In this work, we integrate hyperspectral imaging with a support vector classifier (SVC) for the detection of heat-damaged soybean seeds. The methodological framework comprises: (1) an RFE-PCA cascade for spectral dimensionality reduction, (2) the LSESOA metaheuristic for SVC hyperparameter optimization, and (3) a comparative evaluation against other optimization-classifier combinations.
4. Conclusions
This study proposed a non-destructive framework for the early detection of heat-damaged soybean seeds by integrating hyperspectral imaging with a support vector classifier optimized using a novel Lévy–Sine-Enhanced Egret Swarm Optimization Algorithm (LSESOA). The application of HSI enabled the effective identification of internal biochemical changes, particularly in mildly damaged seeds where visible symptoms were lacking. To reduce spectral dimensionality while preserving classification performance, a combination of multiplicative scatter correction (MSC) and a recursive feature elimination–principal component analysis (RFE-PCA) cascade was employed, reducing the number of features from 184 to 9. This efficient processing chain achieved a dramatic data compression: from approximately 32 GB of raw hyperspectral images for the 1200 seeds to a final discriminative feature set of only about 0.7 MB, representing a compression ratio exceeding 45,000:1. Consequently, the “digital footprint” for the classification model is reduced to a practical level of approximately 3.1 MB per kilogram of seeds. The optimized LSESOA–SVC model achieved a classification accuracy of 96.8% on the test set.

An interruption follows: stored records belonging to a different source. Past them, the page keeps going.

lemma quad_apply [simp]: "quad (a, b, x, y) = x\<^sup>2 + y\<^sup>2 - a * b"
  by (simp add: quad_def)

lemma continuous_on_quad: "continuous_on S quad"
  unfolding quad_def case_prod_unfold by (intro continuous_intros)

lemma Gset_eq_quad: "Gset = {z. 0 \<le> quad z}"
  by (auto simp: Gset_def)

lemma Keq_eq_quad: "Keq l1 u1 l2 u2 l3 u3 l4 u4 = box4 l1 u1 l2 u2 l3 u3 l4 u4 \<inter> {z. quad z = 0}"
  by (auto simp: Keq_def)

lemma Kle_eq_quad: "Kle l1 u1 l2 u2 l3 u3 l4 u4 = box4 l1 u1 l2 u2 l3 u3 l4 u4 \<inter> {z. quad z \<le> 0}"
  by (auto simp: Kle_def)

lemma closed_Gset: "closed Gset"
  unfolding Gset_eq_quad by (intro closed_Collect_le continuous_on_const continuous_on_quad)

lemma convex_box4: "convex (box4 l1 u1 l2 u2 l3 u3 l4 u4)"
  unfolding box4_def by (intro convex_Times convex_real_interval)

lemma compact_box4: "compact (box4 l1 u1 l2 u2 l3 u3 l4 u4)"
  unfolding box4_def by (intro compact_Times compact_Icc)

lemma sum_squares_le_mult_iff_norm:
  fixes a b x y :: real
  assumes "0 \<le> a + b"
  shows "x\<^sup>2 + y\<^sup>2 \<le> a * b \<longleftrightarrow> norm (x, y, (a - b) / 2) \<le> (a + b) / 2"
proof -
  have "norm (x, y, (a - b) / 2) \<le> (a + b) / 2 \<longleftrightarrow>
      sqrt (x\<^sup>2 + (y\<^sup>2 + ((a - b) / 2)\<^sup>2)) \<le> (a + b) / 2"
    by (simp add: norm_Pair power_divide)
  also have "\<dots> \<longleftrightarrow> x\<^sup>2 + (y\<^sup>2 + ((a - b) / 2)\<^sup>2) \<le> ((a + b) / 2)\<^sup>2"
    using assms by (intro real_sqrt_le_iff') auto
  also have "((a + b) / 2)\<^sup>2 = ((a - b) / 2)\<^sup>2 + a * b"
    by (simp add: power2_eq_square field_simps)
  finally show ?thesis by auto
qed

lemma convex_norm_le_linear:
  fixes L :: "'a::real_vector \<Rightarrow> 'b::real_normed_vector"
  assumes "linear L" "linear M"
  shows "convex {z. norm (L z) \<le> M z}"
proof (rule convexI)
  fix p q and u v :: real
  assume "p \<in> {z. norm (L z) \<le> M z}" "q \<in> {z. norm (L z) \<le> M z}" "0 \<le> u" "0 \<le> v"
  then have "norm (u *\<^sub>R L p + v *\<^sub>R L q) \<le> u * norm (L p) + v * norm (L q)"
    using norm_triangle_ineq[of "u *\<^sub>R L p" "v *\<^sub>R L q"] by simp
  also have "\<dots> \<le> u * M p + v * M q"
    using \<open>p \<in> _\<close> \<open>q \<in> _\<close> \<open>0 \<le> u\<close> \<open>0 \<le> v\<close> by (auto intro!: add_mono mult_left_mono)
  finally have "norm (u *\<^sub>R L p + v *\<^sub>R L q) \<le> u * M p + v * M q" .
  then show "u *\<^sub>R p + v *\<^sub>R q \<in> {z. norm (L z) \<le> M z}"
    using assms by (simp add: linear_add linear_scale)
qed

lemma convex_Kle:
  assumes "0 \<le> l1" "0 \<le> l2"
  shows "convex (Kle l1 u1 l2 u2 l3 u3 l4 u4)"
proof -
  define L :: "pt4 \<Rightarrow> real \<times> real \<times> real" where "L = (\<lambda>(a, b, x, y). (x, y, (a - b) / 2))"
  define M :: "pt4 \<Rightarrow> real" where "M = (\<lambda>(a, b, x, y). (a + b) / 2)"
  have "linear L" "linear M"
    by (auto simp: L_def M_def linear_iff algebra_simps add_divide_distrib diff_divide_distrib)
  moreover have "Kle l1 u1 l2 u2 l3 u3 l4 u4 = box4 l1 u1 l2 u2 l3 u3 l4 u4 \<inter> {z. norm (L z) \<le> M z}"
  proof (intro set_eqI)
    fix z :: pt4
    obtain a b x y where z: "z = (a, b, x, y)" by (cases z)
    show "z \<in> Kle l1 u1 l2 u2 l3 u3 l4 u4 \<longleftrightarrow> z \<in> box4 l1 u1 l2 u2 l3 u3 l4 u4 \<inter> {z. norm (L z) \<le> M z}"
      using assms sum_squares_le_mult_iff_norm[of a b x y]
      by (auto simp: Kle_def box4_def z L_def M_def)
  qed
  ultimately show ?thesis
    by (simp add: convex_Int convex_box4 convex_norm_le_linear)
qed

text \<open>If \<open>g\<close> is replaced by \<open>z + t\<^sub>g (g - z)\<close>, the weights \<open>u\<^sub>g / t\<^sub>g\<close> of \<open>z = \<Sum> u\<^sub>g g\<close> still
  produce a multiple \<open>W z\<close> with \<open>W \<ge> 1\<close>; normalising them gives a convex combination.\<close>
lemma in_convex_hull_if_radial_points:
  fixes z :: "'a::real_vector"
  assumes "z \<in> convex hull S"
    and radial: "\<And>g. g \<in> S \<Longrightarrow> \<exists>t. 0 < t \<and> t \<le> 1 \<and> z + t *\<^sub>R (g - z) \<in> T"
  shows "z \<in> convex hull T"
proof -
  obtain F u where F: "finite F" "F \<subseteq> S" and u: "\<forall>g\<in>F. 0 \<le> u g" "sum u F = 1"
    and z: "(\<Sum>g\<in>F. u g *\<^sub>R g) = z"
    using assms(1) unfolding convex_hull_explicit by blast
  have choice: "\<forall>g\<in>F. \<exists>t. 0 < t \<and> t \<le> 1 \<and> z + t *\<^sub>R (g - z) \<in> T"
    using radial F(2) by blast
  obtain t where t: "\<And>g. g \<in> F \<Longrightarrow> 0 < t g \<and> t g \<le> 1 \<and> z + t g *\<^sub>R (g - z) \<in> T"
    using bchoice[OF choice] by metis
  define H where "H g = z + t g *\<^sub>R (g - z)" for g
  define w where "w g = u g / t g" for g
  have wt: "w g * t g = u g" if "g \<in> F" for g
    using t[OF that] by (simp add: w_def)
  have "sum u F \<le> sum w F"
  proof (rule sum_mono)
    fix g assume "g \<in> F"
    with t u(1) have "u g * t g \<le> u g" by (simp add: mult_left_le)
    with t[OF \<open>g \<in> F\<close>] show "u g \<le> w g" by (simp add: w_def le_divide_eq)
  qed
  with u(2) have W: "1 \<le> sum w F" by simp
  have "(\<Sum>g\<in>F. w g *\<^sub>R H g) = (\<Sum>g\<in>F. w g *\<^sub>R z + (u g *\<^sub>R g - u g *\<^sub>R z))"
    by (intro sum.cong refl) (simp add: H_def scaleR_add_right wt scaleR_diff_right)
  also have "\<dots> = sum w F *\<^sub>R z"
    by (simp add: sum.distrib sum_subtractf scaleR_left.sum[symmetric] u(2) z)
  finally have weighted: "(\<Sum>g\<in>F. w g *\<^sub>R H g) = sum w F *\<^sub>R z" .
  have "(\<Sum>g\<in>F. (w g / sum w F) *\<^sub>R H g) = (1 / sum w F) *\<^sub>R (\<Sum>g\<in>F. w g *\<^sub>R H g)"
    by (simp add: scaleR_right.sum)
  also have "\<dots> = z"
    using W by (simp add: weighted)
  finally have "(\<Sum>g\<in>F. (w g / sum w F) *\<^sub>R H g) = z" .
  moreover have "(\<Sum>g\<in>F. (w g / sum w F) *\<^sub>R H g) \<in> convex hull T"
  proof (rule convex_sum[OF F(1) convex_convex_hull])
    show "(\<Sum>g\<in>F. w g / sum w F) = 1"
      using W by (simp add: sum_divide_distrib[symmetric])
    show "0 \<le> w g / sum w F" "H g \<in> convex hull T" if "g \<in> F" for g
      using t[OF that] u(1) that W by (auto simp: w_def H_def intro: hull_inc)
  qed
  ultimately show ?thesis by simp
qed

These results indicate that the proposed method has potential for rapid and non-invasive assessment of soybean seed quality under heat stress. Since the current validation was conducted under laboratory conditions, further testing in large-scale storage and in-line inspection scenarios is needed. Future work should also consider representative sampling strategies and broader temperature–humidity conditions to improve model robustness. In addition, establishing clearer links between spectral responses, heat damage severity, and physiological indicators such as germination performance and seed vigor will help enhance the practical relevance of this approach.